lemma add_hd_add_hd: "add_hd k (add_hd k' p) = add_hd (k + k') p"
  by (cases p) auto

lemma add_hd_ne_Nil [simp]: "add_hd k p \<noteq> []" "[] \<noteq> add_hd k p"
  by (cases p; simp)+

lemma length_add_hd: "p \<noteq> [] \<Longrightarrow> length (add_hd k p) = length p"
  by (cases p) auto

lemma length_add_hd_le: "length (add_hd k p) \<le> Suc (length p)"
  by (cases p) auto

lemma merges_add_hd: "ks \<noteq> [] \<Longrightarrow> merges (add_hd k ks) = map (add_hd k) (merges ks)"
proof (induction ks rule: merges.induct)
  case (3 k' l rest)
  show ?case by (simp add: add_hd_add_hd comp_def add.assoc)
qed auto

lemma length_merges_le: "p \<in> set (merges ks) \<Longrightarrow> length p \<le> length ks"
proof (induction ks arbitrary: p rule: merges.induct)
  case (3 k l rest)
  then obtain q where "q \<in> set (merges (l # rest))" "p = k # q \<or> p = add_hd k q"
    by auto
  with 3(1,2)[of q] length_add_hd_le[of k q] show ?case by auto
qed auto

lemma merges_ne_Nil: "p \<in> set (merges ks) \<Longrightarrow> ks \<noteq> [] \<Longrightarrow> p \<noteq> []"
  by (induction ks arbitrary: p rule: merges.induct) auto

lemma merges_lower_bound:
  "p \<in> set (merges ks) \<Longrightarrow> \<forall>k\<in>set ks. c \<le> k \<Longrightarrow> \<forall>x\<in>set p. c \<le> x"
proof (induction ks arbitrary: p rule: merges.induct)
  case (3 k l rest)
  from 3(3) consider q where "q \<in> set (merges (l # rest))" "p = k # q"
    | q where "q \<in> set (merges (l # rest))" "p = add_hd k q" by auto
  then show ?case
  proof cases
    case 1
    have "\<forall>x\<in>set q. c \<le> x" using 3(2)[OF 1(1)] 3(4) by simp
    thus ?thesis using 1(2) 3(4) by simp
  next
    case 2
    have "\<forall>x\<in>set q. c \<le> x" using 3(1)[OF 2(1)] 3(4) by simp
    thus ?thesis using 2(2) 3(4) by (cases q) auto
  qed
qed auto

# Required work
The result is a copy of every line above where the word "proof" shows up.

# Task output
proof (induction ks rule: merges.induct)
proof (induction ks arbitrary: p rule: merges.induct)
proof (induction ks arbitrary: p rule: merges.induct)
  proof cases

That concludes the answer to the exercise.